A standard visual method is to choose the point which creates the most extreme “elbow” and retain that many PCs (x-axis). Accordingly, we would retain PC1 and PC2.

On the other hand, paralell analysis is a simulation-based method that generates thousands of data sets with the same number of items and range of the “real” dataset. Then, we retain the number of factors with observed eigenvalues larger than those extracted from the simulated data.

## 
## Using eigendecomposition of correlation matrix.

The results show that we would retain only PC1, which agrees with the Kaiser Criterion method.
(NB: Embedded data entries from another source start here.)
lemma \<alpha>_residual_inner_le:
  "\<alpha> i * \<bar>inner (r i) (L (x i) (x k - x_ref))\<bar>
     \<le> \<alpha>_max * (1 + \<eta>) * (3 * (norm (r i))\<^sup>2 + (norm (r k))\<^sup>2)"
proof -
  have "2 * norm (r i) * norm (r k) \<le> (norm (r i))\<^sup>2 + (norm (r k))\<^sup>2"
    using zero_le_power2[of "norm (r i) - norm (r k)"] by (simp add: power2_diff)
  moreover have "0 \<le> norm (r i) * norm (r k)"
    by simp
  moreover have "norm (r i) * (norm (r k) + 2 * norm (r i)) = norm (r i) * norm (r k) + 2 * (norm (r i))\<^sup>2"
    by (simp add: algebra_simps power2_eq_square)
  ultimately have "norm (r i) * (norm (r k) + 2 * norm (r i)) \<le> 3 * (norm (r i))\<^sup>2 + (norm (r k))\<^sup>2"
    by linarith
  then have "(1 + \<eta>) * norm (r i) * (norm (r k) + 2 * norm (r i))
      \<le> (1 + \<eta>) * (3 * (norm (r i))\<^sup>2 + (norm (r k))\<^sup>2)"
    using \<eta>_range by (simp add: mult.assoc mult_left_mono)
  then have "\<bar>inner (r i) (L (x i) (x k - x_ref))\<bar> \<le> (1 + \<eta>) * (3 * (norm (r i))\<^sup>2 + (norm (r k))\<^sup>2)"
    using residual_inner_bound[OF x_ref(4), of i k] by linarith
  then show ?thesis
    using \<alpha>_le_max[of i] \<alpha>_nonneg[of i] \<eta>_range
    by (simp add: mult.assoc mult_mono)
qed

definition "C = 1 + (3 * \<rho> + 4 * \<alpha>_max * (1 + \<eta>)) / (1 - \<beta>)"

lemma C_pos: "C > 0"
proof -
  have "0 \<le> (3 * \<rho> + 4 * \<alpha>_max * (1 + \<eta>)) / (1 - \<beta>)"
    using \<rho>_pos \<alpha>_max_nonneg \<eta>_range \<beta>_range by (intro divide_nonneg_pos) auto
  then show ?thesis
    by (simp add: C_def)
qed

lemma D_iterates_bound:
  assumes "n \<le> k"
  shows "(1 - \<beta>) * (D (\<xi> n) (x k) (x n) - (D (\<xi> n) x_ref (x n) - D (\<xi> k) x_ref (x k)))
     \<le> 3 * \<rho> * norm (m n)
       + \<alpha>_max * (1 + \<eta>) * (3 * (\<Sum>i\<in>{n..<k}. (norm (r i))\<^sup>2) + real k * (norm (r k))\<^sup>2)"
proof -
  have "D (\<xi> n) (x k) (x n) - (D (\<xi> n) x_ref (x n) - D (\<xi> k) x_ref (x k))
      = inner (\<xi> (n + (k - n)) - \<xi> n) (x k - x_ref)"
    using assms by (simp add: D_three_point inner_diff_left inner_diff_right)
  also have "\<dots> \<le> \<bar>\<dots>\<bar>"
    by simp
  finally have "(1 - \<beta>) * (D (\<xi> n) (x k) (x n) - (D (\<xi> n) x_ref (x n) - D (\<xi> k) x_ref (x k)))
      \<le> norm (m n) * norm (x k - x_ref) + (\<Sum>i\<in>{n..<k}. \<alpha> i * \<bar>inner (r i) (L (x i) (x k - x_ref))\<bar>)"
    using order_trans[OF mult_left_mono inner_\<xi>_diff_bound] \<beta>_range assms by fastforce
  moreover have "norm (m n) * norm (x k - x_ref) \<le> 3 * \<rho> * norm (m n)"
  proof -
    have "dist (x k) x_ref \<le> dist (x k) x0 + dist x0 x_ref"
      by (rule dist_triangle)
    then have "norm (x k - x_ref) \<le> 3 * \<rho>"
      using x_in_B[of k] x_ref(3) by (simp add: dist_commute dist_norm[symmetric])
    then show ?thesis
      by (simp add: mult_left_mono mult.commute)
  qed
  moreover have "(\<Sum>i\<in>{n..<k}. \<alpha> i * \<bar>inner (r i) (L (x i) (x k - x_ref))\<bar>)
      \<le> \<alpha>_max * (1 + \<eta>) * (3 * (\<Sum>i\<in>{n..<k}. (norm (r i))\<^sup>2) + real k * (norm (r k))\<^sup>2)"
  proof -
    have "(\<Sum>i\<in>{n..<k}. \<alpha> i * \<bar>inner (r i) (L (x i) (x k - x_ref))\<bar>)
        \<le> (\<Sum>i\<in>{n..<k}. \<alpha>_max * (1 + \<eta>) * (3 * (norm (r i))\<^sup>2 + (norm (r k))\<^sup>2))"
      by (rule sum_mono) (rule \<alpha>_residual_inner_le)
    also have "\<dots> = \<alpha>_max * (1 + \<eta>) * (3 * (\<Sum>i\<in>{n..<k}. (norm (r i))\<^sup>2) + real (k - n) * (norm (r k))\<^sup>2)"
      by (simp add: sum_distrib_left sum.distrib algebra_simps)
    also have "\<dots> \<le> \<alpha>_max * (1 + \<eta>) * (3 * (\<Sum>i\<in>{n..<k}. (norm (r i))\<^sup>2) + real k * (norm (r k))\<^sup>2)"
      using \<alpha>_max_nonneg \<eta>_range by (intro mult_left_mono add_left_mono mult_right_mono) auto
    finally show ?thesis .
  qed
  ultimately show ?thesis
    by linarith
qed

lemma D_iterates_le:
  assumes "n \<le> k" and decrease: "D (\<xi> n) x_ref (x n) - D (\<xi> k) x_ref (x k) \<le> \<delta>"
    and "norm (m n) \<le> \<delta>" and "(\<Sum>i\<in>{n..<k}. (norm (r i))\<^sup>2) \<le> \<delta>"
    and "real k * (norm (r k))\<^sup>2 \<le> \<delta>"
  shows "D (\<xi> n) (x k) (x n) \<le> C * \<delta>"
proof -
  define K where "K = 3 * \<rho> + 4 * \<alpha>_max * (1 + \<eta>)"
  have "3 * \<rho> * norm (m n) \<le> 3 * \<rho> * \<delta>"
    using assms(3) \<rho>_pos by simp
  moreover have "\<alpha>_max * (1 + \<eta>) * (3 * (\<Sum>i\<in>{n..<k}. (norm (r i))\<^sup>2) + real k * (norm (r k))\<^sup>2)
      \<le> \<alpha>_max * (1 + \<eta>) * (4 * \<delta>)"
    using assms(4,5) \<alpha>_max_nonneg \<eta>_range by (intro mult_left_mono) auto
  ultimately have "(1 - \<beta>) * (D (\<xi> n) (x k) (x n) - (D (\<xi> n) x_ref (x n) - D (\<xi> k) x_ref (x k)))
      \<le> K * \<delta>"
    using D_iterates_bound[OF \<open>n \<le> k\<close>] by (simp add: K_def algebra_simps)
  then have "D (\<xi> n) (x k) (x n) - (D (\<xi> n) x_ref (x n) - D (\<xi> k) x_ref (x k)) \<le> K * \<delta> / (1 - \<beta>)"
    using \<beta>_range by (simp add: le_divide_eq mult.commute)
  moreover have "C * \<delta> = \<delta> + K * \<delta> / (1 - \<beta>)"
    by (simp add: C_def K_def algebra_simps)
  ultimately show ?thesis
    using decrease by linarith
qed

lemma D_iterates_small:
  assumes "\<delta> > 0"
  shows "\<exists>N. \<forall>n\<ge>N. \<forall>k\<ge>n. real k * (norm (r k))\<^sup>2 \<le> \<delta> \<longrightarrow> D (\<xi> n) (x k) (x n) \<le> C * \<delta>"
proof -
  obtain l where l_lim: "(\<lambda>n. D (\<xi> n) x_ref (x n)) \<longlonglongrightarrow> l" and l_le: "\<forall>i. l \<le> D (\<xi> i) x_ref (x i)"
    using decseq_convergent[OF D_solution_decseq[OF x_ref(4)], of 0] D_x_ref_nonneg by blast
  obtain N1 where N1: "\<forall>n\<ge>N1. D (\<xi> n) x_ref (x n) < l + \<delta>"
    using order_tendstoD(2)[OF l_lim, of "l + \<delta>"] \<open>\<delta> > 0\<close> by (auto simp: eventually_sequentially)
  obtain N2 where N2: "\<forall>n\<ge>N2. norm (m n) < \<delta>"
    using order_tendstoD(2)[OF m_tendsto_0 \<open>\<delta> > 0\<close>] by (auto simp: eventually_sequentially)
  obtain N3 where N3: "\<forall>n\<ge>N3. \<forall>k. norm (\<Sum>i\<in>{n..<k}. (norm (r i))\<^sup>2) < \<delta>"
    using summable_r \<open>\<delta> > 0\<close> unfolding summable_Cauchy by blast
  have "D (\<xi> n) (x k) (x n) \<le> C * \<delta>"
    if "n \<ge> max N1 (max N2 N3)" "n \<le> k" "real k * (norm (r k))\<^sup>2 \<le> \<delta>" for n k
  proof (rule D_iterates_le[OF \<open>n \<le> k\<close> _ _ _ that(3)])
    have "D (\<xi> n) x_ref (x n) < l + \<delta>"
      using N1 that(1) by simp
    then show "D (\<xi> n) x_ref (x n) - D (\<xi> k) x_ref (x k) \<le> \<delta>"
      using l_le[rule_format, of k] by linarith
    show "norm (m n) \<le> \<delta>" "(\<Sum>i\<in>{n..<k}. (norm (r i))\<^sup>2) \<le> \<delta>"
      using N2 N3[rule_format, of n k] that(1) by (simp_all add: sum_nonneg less_imp_le)
  qed
  then show ?thesis
    by blast
qed

lemma x_Cauchy: "Cauchy x"
proof (rule metric_CauchyI)
  fix e :: real
  assume "0 < e"
  define \<delta> where "\<delta> = \<sigma> * e\<^sup>2 / (8 * C)"
  have "\<delta> > 0"
    using \<sigma>_pos \<open>0 < e\<close> C_pos by (simp add: \<delta>_def)
  then obtain N where N: "\<And>n k. n \<ge> N \<Longrightarrow> k \<ge> n \<Longrightarrow> real k * (norm (r k))\<^sup>2 \<le> \<delta> \<Longrightarrow>
      D (\<xi> n) (x k) (x n) \<le> C * \<delta>"
    using D_iterates_small by blast
  \<comment> \<open>Residuals are not eventually small in the weighted sense \<open>k \<parallel>r\<^sub>k\<parallel>\<^sup>2\<close>, but frequently so;
    every iterate beyond \<open>N\<close> is close to all such later iterates.\<close>
  have close: "dist (x k) (x n) < e / 2"
    if "n \<ge> N" "k \<ge> n" "real k * (norm (r k))\<^sup>2 \<le> \<delta>" for n k
  proof -
    have "\<sigma> * (norm (x k - x n))\<^sup>2 \<le> \<sigma> * (e\<^sup>2 / 8)"
      using D_lower[OF R_x_finite, of k n] N[OF that] C_pos by (simp add: \<delta>_def)
    then have "(norm (x k - x n))\<^sup>2 \<le> e\<^sup>2 / 8"
      using \<sigma>_pos by simp
    also have "\<dots> < (e / 2)\<^sup>2"
      using \<open>0 < e\<close> by (simp add: power_divide)
    finally have "(norm (x k - x n))\<^sup>2 < (e / 2)\<^sup>2" .
    then show ?thesis
      unfolding dist_norm by (rule power_less_imp_less_base) (use \<open>0 < e\<close> in simp)
  qed
  show "\<exists>M. \<forall>p\<ge>M. \<forall>q\<ge>M. dist (x p) (x q) < e"
  proof (intro exI allI impI)
    fix p q
    assume "p \<ge> N" "q \<ge> N"
    obtain k where "k \<ge> max p q" "real k * (norm (r k))\<^sup>2 \<le> \<delta>"
      using summable_imp_frequently_index_mult_le[OF summable_r \<open>\<delta> > 0\<close>] by blast
    then have "dist (x k) (x p) < e / 2" "dist (x k) (x q) < e / 2"
      using close \<open>p \<ge> N\<close> \<open>q \<ge> N\<close> by auto
    then show "dist (x p) (x q) < e"
      using dist_triangle3[of "x p" "x q" "x k"] by linarith
  qed
qed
PCA on the Oak Woods Dataset - Robust PCA

The morphometric dataset we used here is virtually “ideal” for running a generic PCA in R. It contains no missing values, zeroes, extreme values or outliers. However, the Oak Woods dataset is characterized by extreme variability, outliers and zero values:

As such, a prudent course would be to conduct a robust PCA.

## 
## Using eigendecomposition of correlation matrix.

In Summary, a PCA of any type may not be an appropriate statistical approach for this dataset. PCoA is a better choice with its built-in flexibility with respect to distance methods. Also, clustering based on any number of variables, such as stand, Elev.m, or AspClass would likely yield more meaningful results.